__PROBLEM REQUIREMENTS__. A single number is expected: the count of lines in the entries below that contain "longlongrightarrow".
====
(* Let $M$ be an observable FSM with $n$ states, all reachable, such that the initial state $s_0$ is the only d-reachable state of $M$ and no two distinct states of $M$ are r-distinguishable. Let $m\ge n$. Then (i) every $\bar x/\bar y\in L_M(s_0)$ of length $mn$ has a prefix $\pi$ with $term(s_0,\pi,m)\neq\varnothing$, so $Tr(s_0,m)\subseteq\bigcup_{i=0}^{mn}\Sigma_I^i$; and (ii) every test suite $T$ produced by $\textsc{GenerateTestSuite}(M,m)$ satisfies $|T|\le|\Sigma_I|^{mn}$.
   Context: FSMs and notation. An FSM is $M=(S,s_0,\Sigma_I,\Sigma_O,h_M)$ with finite state set $S$, initial state $s_0$, finite input/output alphabets and $h_M\subseteq S\times\Sigma_I\times\Sigma_O\times S$. IO sequences are written $\bar x/\bar y$. $L_M(s)$ is the set of IO sequences $x_1\dots x_k/y_1\dots y_k$ such that there are states $s=q_0,\dots,q_k$ with $(q_{i-1},x_i,y_i,q_i)\in h_M$; $L(M)=L_M(s_0)$. $out(s,x)=\{y\mid\exists s'.(s,x,y,s')\in h_M\}$. $M$ is observable if for all $s,x,y$ at most one $s'$ has $(s,x,y,s')\in h_M$; then $s\text{-after-}\alpha$ is the unique state reached from $s$ by $\alpha\in L_M(s)$. $\Delta_M(s)=\{x\mid out(s,x)\neq\varnothing\}$. $\mathrm{Pref}$ denotes the set of prefixes (including $\epsilon$), lifted to sets; $A.B=\{a.b\mid a\in A,b\in B\}$ with $A.\varnothing=A$. d-reachability and state cover. $\bar x$ is strongly defined in $M$ if for every prefix $\bar x_1.x$ of $\bar x$ ($x\in\Sigma_I$) and every $\bar x_1/\bar y_1\in L(M)$, $x\in\Delta_M(s_0\text{-after-}\bar x_1/\bar y_1)$. $\bar x$ d-reaches $s$ if $\bar x$ is strongly defined and $\{s_0\text{-after-}\bar x/\bar y\mid \bar x/\bar y\in L(M)\}=\{s\}$. For $S'\subseteq S$, $\widehat{S'}$ is the set of states in $S'$ d-reached by some input sequence. A state cover $V$ is a set consisting of $\epsilon$ (which d-reaches $s_0$) and, for every other d-reachable state, exactly one input sequence d-reaching it; for $s\in\widehat S$ let $\bar v_s\in V$ be the element d-reaching $s$. $V'=\{\bar x/\bar y\in L(M)\mid \bar x\in V\}$. r-distinguishability. Every $W\subseteq\Sigma_I^*$ r(0)-distinguishes states $s_1,s_2$ with $\Delta_M(s_1)\neq\Delta_M(s_2)$. For $k\ge0$, $W$ r($k+1$)-distinguishes $s_1,s_2$ if it r($k$)-distinguishes them, or there is $x\in\Delta_M(s_1)\cap\Delta_M(s_2)\cap\mathrm{Pref}(W)$ such that for every $y\in out(s_1,x)\cap out(s_2,x)$ some $W'$ with $\{x\}.W'\subseteq\mathrm{Pref}(W)$ r($k$)-distinguishes $s_1\text{-after-}x/y$ and $s_2\text{-after-}x/y$. $W$ r-distinguishes $s_1,s_2$ if it r($k$)-distinguishes them for some $k$; states are r-distinguishable if some $W$ r-distinguishes them. $S_D$ is the set of all maximal (w.r.t. inclusion) subsets of $S$ whose elements are pairwise r-distinguishable (a state r-distinguishable from no other state yields a singleton). Termination and traversal sets. For $s\in\widehat S$, $\bar x/\bar y\in L_M(s)$ and $S'\in S_D$, say $S'$ terminates $\bar x/\bar y$ for $s$ and $m$ if the number of nonempty prefixes $\pi$ of $\bar x/\bar y$ with $s\text{-after-}\pi\in S'$ equals $m-|\widehat{S'}|+1$ and no proper prefix of $\bar x/\bar y$ is terminated for $s$ and $m$ by any element of $S_D$. $term(s,\bar x/\bar y,m)$ is the set of such $S'$. $Tr(s,m)=\mathrm{Pref}\{\bar x\mid\exists\bar y.\ \bar x/\bar y\in L_M(s)\wedge term(s,\bar x/\bar y,m)\neq\varnothing\}$. Procedure $\textsc{GenerateTestSuite}(M,m)$: (1) Choose a state cover $V$, form $V'$, and set $T:=\bigcup_{s\in\widehat S}\{\bar v_s\}.Tr(s,m)$. (2) Let $D=\{(s,\bar x/\bar y)\mid s\in\widehat S,\ \bar x/\bar y\in L_M(s),\ term(s,\bar x/\bar y,m)\neq\varnothing\}$. For each $(s,\bar x/\bar y)\in D$: choose some $S_i\in term(s,\bar x/\bar y,m)$; then for every pair of traces $\bar x_1/\bar y_1,\bar x_2/\bar y_2$ in $V'\cup\{\beta.\pi\mid \beta\in V'\text{ with input portion }\bar v_s,\ \pi\in\mathrm{Pref}(\bar x/\bar y)\}$, let $s_j=s_0\text{-after-}\bar x_j/\bar y_j$; if $s_1\neq s_2$ and $s_1,s_2\in S_i$, let $W'=\{\bar x'\mid \bar x_1.\bar x'\in\mathrm{Pref}(T)\text{ and }\bar x_2.\bar x'\in\mathrm{Pref}(T)\}$ (for the current $T$); if $W'$ does not r-distinguish $s_1,s_2$, choose any $W$ that r-distinguishes $s_1,s_2$ and set $T:=T\cup\{\bar x_1,\bar x_2\}.W$. (3) Finally remove from $T$ every sequence that is a proper prefix of another element of $T$, and return $T$. *)

theory Defs
  imports Main "HOL-Library.Sublist"
begin
(* Let $G$ be the cdf of a continuous real random variable. For $(\lambda_1,\lambda_2)\in\mathbb{R}^2$ define $$F_{R18a}(x)=(1+\lambda_1)G(x)+(\lambda_2-\lambda_1)G^2(x)-\lambda_2G^3(x),\qquad F_G(x)=\lambda_1 G(x)+(\lambda_2-\lambda_1)G^2(x)+(1-\lambda_2)G^3(x).$$ Let $\mathscr{S}_{R18a}=\{(\lambda_1,\lambda_2): -1\le\lambda_1\le1,\ -1\le\lambda_2\le1,\ -2\le\lambda_1+\lambda_2\le1\}$, $\mathscr{S}_{MR18a}=\{(\lambda_1,\lambda_2): -1\le\lambda_1\le2,\ -1\le\lambda_2\le2,\ -2\le\lambda_1+\lambda_2\le1\}$ and $\mathscr{S}_{MG}=\{(\lambda_1,\lambda_2):0\le\lambda_1\le3,\ 0\le\lambda_2\le3,\ 0\le\lambda_1+\lambda_2\le3\}$. Then: (i) For every $(\lambda_1,\lambda_2)\in\mathscr{S}_{R18a}$, $F_{R18a}$ is a cdf. (ii) For every $(\lambda_1,\lambda_2)\in\mathscr{S}_{MR18a}$, $F_{R18a}$ is a cdf. (iii) For every $(\lambda_1,\lambda_2)\in\mathscr{S}_{MR18a}$, $(\lambda_1+1,\lambda_2+1)\in\mathscr{S}_{MG}$ and $F_{R18a}$ with parameters $(\lambda_1,\lambda_2)$ coincides with $F_G$ with parameters $(\lambda_1+1,\lambda_2+1)$. (iv) For every $(\lambda_1,\lambda_2)\in\mathscr{S}_{MG}$, $(\lambda_1-1,\lambda_2-1)\in\mathscr{S}_{MR18a}$ and $F_G$ with parameters $(\lambda_1,\lambda_2)$ coincides with $F_{R18a}$ with parameters $(\lambda_1-1,\lambda_2-1)$.
   Context: A cdf is a nondecreasing, right-continuous function $F:\mathbb{R}\to[0,1]$ with limits $0$ at $-\infty$ and $1$ at $+\infty$. $G^k(x)=(G(x))^k$. *)

theory Defs
  imports "HOL-Analysis.Analysis"
begin

definition is_cdf :: "(real \<Rightarrow> real) \<Rightarrow> bool" where
  "is_cdf F \<longleftrightarrow> (\<forall>x. 0 \<le> F x \<and> F x \<le> 1) \<and> mono F \<and>
     (\<forall>x. continuous (at_right x) F) \<and> (F \<longlongrightarrow> 0) at_bot \<and> (F \<longlongrightarrow> 1) at_top"

definition F_R18a :: "real \<Rightarrow> real \<Rightarrow> (real \<Rightarrow> real) \<Rightarrow> real \<Rightarrow> real" where
  "F_R18a l1 l2 G x = (1 + l1) * G x + (l2 - l1) * (G x)^2 - l2 * (G x)^3"

definition F_G :: "real \<Rightarrow> real \<Rightarrow> (real \<Rightarrow> real) \<Rightarrow> real \<Rightarrow> real" where
  "F_G l1 l2 G x = l1 * G x + (l2 - l1) * (G x)^2 + (1 - l2) * (G x)^3"

definition S_R18a :: "(real \<times> real) set" where
  "S_R18a = {(l1, l2). -1 \<le> l1 \<and> l1 \<le> 1 \<and> -1 \<le> l2 \<and> l2 \<le> 1 \<and> -2 \<le> l1 + l2 \<and> l1 + l2 \<le> 1}"

definition S_MR18a :: "(real \<times> real) set" where
  "S_MR18a = {(l1, l2). -1 \<le> l1 \<and> l1 \<le> 2 \<and> -1 \<le> l2 \<and> l2 \<le> 2 \<and> -2 \<le> l1 + l2 \<and> l1 + l2 \<le> 1}"

definition S_MG :: "(real \<times> real) set" where
  "S_MG = {(l1, l2). 0 \<le> l1 \<and> l1 \<le> 3 \<and> 0 \<le> l2 \<and> l2 \<le> 3 \<and> 0 \<le> l1 + l2 \<and> l1 + l2 \<le> 3}"

end

theory Submission
  imports Defs
begin

text \<open>\<open>F_R18a a b G\<close> is \<open>G\<close> followed by the cubic \<open>p t = (1+a) t + (b-a) t\<^sup>2 - b t\<^sup>3\<close>,
  which fixes \<open>0\<close> and \<open>1\<close>. A continuous map that is nondecreasing on \<open>[0,1]\<close> and fixes
  \<open>0\<close> and \<open>1\<close> turns every cdf into a cdf, and
  \<open>p' u = (1-a-b) u\<^sup>2 + (1+a) (1-u)\<^sup>2 + 2 (1+b) u (1-u)\<close> is nonnegative on \<open>[0,1]\<close> as soon as
  \<open>a, b \<ge> -1\<close> and \<open>a + b \<le> 1\<close>, which holds on both parameter sets.\<close>

lemma is_cdf_compose:
  fixes G p :: "real \<Rightarrow> real"
  assumes cdf: "is_cdf G"
    and cont: "continuous_on {0..1} p" and mono: "mono_on {0..1} p"
    and p0: "p 0 = 0" and p1: "p 1 = 1"
  shows "is_cdf (\<lambda>x. p (G x))"
proof -
  have G01: "G x \<in> {0..1}" for x
    using cdf by (simp add: is_cdf_def)
  then have ev_G01: "\<forall>\<^sub>F x in F. G x \<in> {0..1}" for F
    by simp
  have "0 \<le> p (G x) \<and> p (G x) \<le> 1" for x
    using mono_onD[OF mono, of 0 "G x"] mono_onD[OF mono, of "G x" 1] G01[of x] p0 p1 by auto
  moreover have "mono (\<lambda>x. p (G x))"
    using cdf G01 by (auto simp: is_cdf_def mono_def intro: mono_onD[OF mono])
  moreover have "continuous (at_right x) (\<lambda>x. p (G x))" for x
    using cdf G01 ev_G01 continuous_on_tendsto_compose[OF cont, of G "G x" "at_right x"]
    by (simp add: is_cdf_def continuous_within)
  moreover have "((\<lambda>x. p (G x)) \<longlongrightarrow> 0) at_bot"
    using cdf ev_G01 continuous_on_tendsto_compose[OF cont, of G 0 at_bot] p0
    by (simp add: is_cdf_def)
  moreover have "((\<lambda>x. p (G x)) \<longlongrightarrow> 1) at_top"
    using cdf ev_G01 continuous_on_tendsto_compose[OF cont, of G 1 at_top] p1
    by (simp add: is_cdf_def)
  ultimately show ?thesis
    by (simp add: is_cdf_def)
qed

lemma R18a_cubic_mono_on:
  fixes a b :: real
  assumes "-1 \<le> a" "-1 \<le> b" "a + b \<le> 1"
  shows "mono_on {0..1} (\<lambda>t. (1 + a) * t + (b - a) * t^2 - b * t^3)"
proof (rule mono_onI)
  fix s t :: real
  assume "s \<in> {0..1}" "t \<in> {0..1}" "s \<le> t"
  then have st: "{s..t} \<subseteq> {0..1}" "s \<le> t"
    by auto
  define p' where "p' u = (1 - a - b) * u^2 + (1 + a) * (1 - u)^2 + 2 * (1 + b) * u * (1 - u)" for u
  show "(1 + a) * s + (b - a) * s^2 - b * s^3 \<le> (1 + a) * t + (b - a) * t^2 - b * t^3"
  proof (rule deriv_nonneg_imp_mono[of s t _ p'])
    fix u
    have "((\<lambda>t. (1 + a) * t + (b - a) * t^2 - b * t^3) has_real_derivative
            (1 + a) + 2 * (b - a) * u - 3 * b * u^2) (at u)"
      by (auto intro!: derivative_eq_intros)
    moreover have "(1 + a) + 2 * (b - a) * u - 3 * b * u^2 = p' u"
      by (simp add: p'_def algebra_simps power2_eq_square)
    ultimately show "((\<lambda>t. (1 + a) * t + (b - a) * t^2 - b * t^3) has_real_derivative p' u) (at u)"
      by simp
  next
    fix u assume "u \<in> {s..t}"
    with st have "0 \<le> u" "u \<le> 1"
      by auto
    with assms show "0 \<le> p' u"
      by (simp add: p'_def)
  qed (use st in auto)
qed

lemma is_cdf_F_R18a:
  assumes "is_cdf G" "-1 \<le> a" "-1 \<le> b" "a + b \<le> 1"
  shows "is_cdf (F_R18a a b G)"
proof -
  have "continuous_on {0..1} (\<lambda>t. (1 + a) * t + (b - a) * t^2 - b * t^3)"
    by (intro continuous_intros)
  with assms is_cdf_compose[OF _ _ R18a_cubic_mono_on] show ?thesis
    by (simp add: F_R18a_def[abs_def])
qed

lemma F_R18a_eq_F_G: "F_R18a a b G = F_G (a + 1) (b + 1) G"
  by (rule ext) (simp add: F_R18a_def F_G_def algebra_simps)

theorem proposition3:
  fixes G :: "real \<Rightarrow> real"
  assumes "is_cdf G" and "continuous_on UNIV G"
  shows "(\<forall>l1 l2. (l1, l2) \<in> S_R18a \<longrightarrow> is_cdf (F_R18a l1 l2 G))
    \<and> (\<forall>l1 l2. (l1, l2) \<in> S_MR18a \<longrightarrow> is_cdf (F_R18a l1 l2 G))
    \<and> (\<forall>l1 l2. (l1, l2) \<in> S_MR18a \<longrightarrow>
          (l1 + 1, l2 + 1) \<in> S_MG \<and> F_R18a l1 l2 G = F_G (l1 + 1) (l2 + 1) G)
    \<and> (\<forall>l1 l2. (l1, l2) \<in> S_MG \<longrightarrow>
          (l1 - 1, l2 - 1) \<in> S_MR18a \<and> F_G l1 l2 G = F_R18a (l1 - 1) (l2 - 1) G)"
proof (intro conjI allI impI)
  fix l1 l2
  show "(l1, l2) \<in> S_R18a \<Longrightarrow> is_cdf (F_R18a l1 l2 G)"
    and "(l1, l2) \<in> S_MR18a \<Longrightarrow> is_cdf (F_R18a l1 l2 G)"
    using is_cdf_F_R18a[OF \<open>is_cdf G\<close>] by (auto simp: S_R18a_def S_MR18a_def)
  show "(l1, l2) \<in> S_MR18a \<Longrightarrow> (l1 + 1, l2 + 1) \<in> S_MG"
    and "(l1, l2) \<in> S_MG \<Longrightarrow> (l1 - 1, l2 - 1) \<in> S_MR18a"
    by (auto simp: S_MG_def S_MR18a_def)
  show "F_R18a l1 l2 G = F_G (l1 + 1) (l2 + 1) G"
    by (rule F_R18a_eq_F_G)
  show "F_G l1 l2 G = F_R18a (l1 - 1) (l2 - 1) G"
    using F_R18a_eq_F_G[of "l1 - 1" "l2 - 1" G] by simp
qed

end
====
__EXERCISE OUTPUT__. 3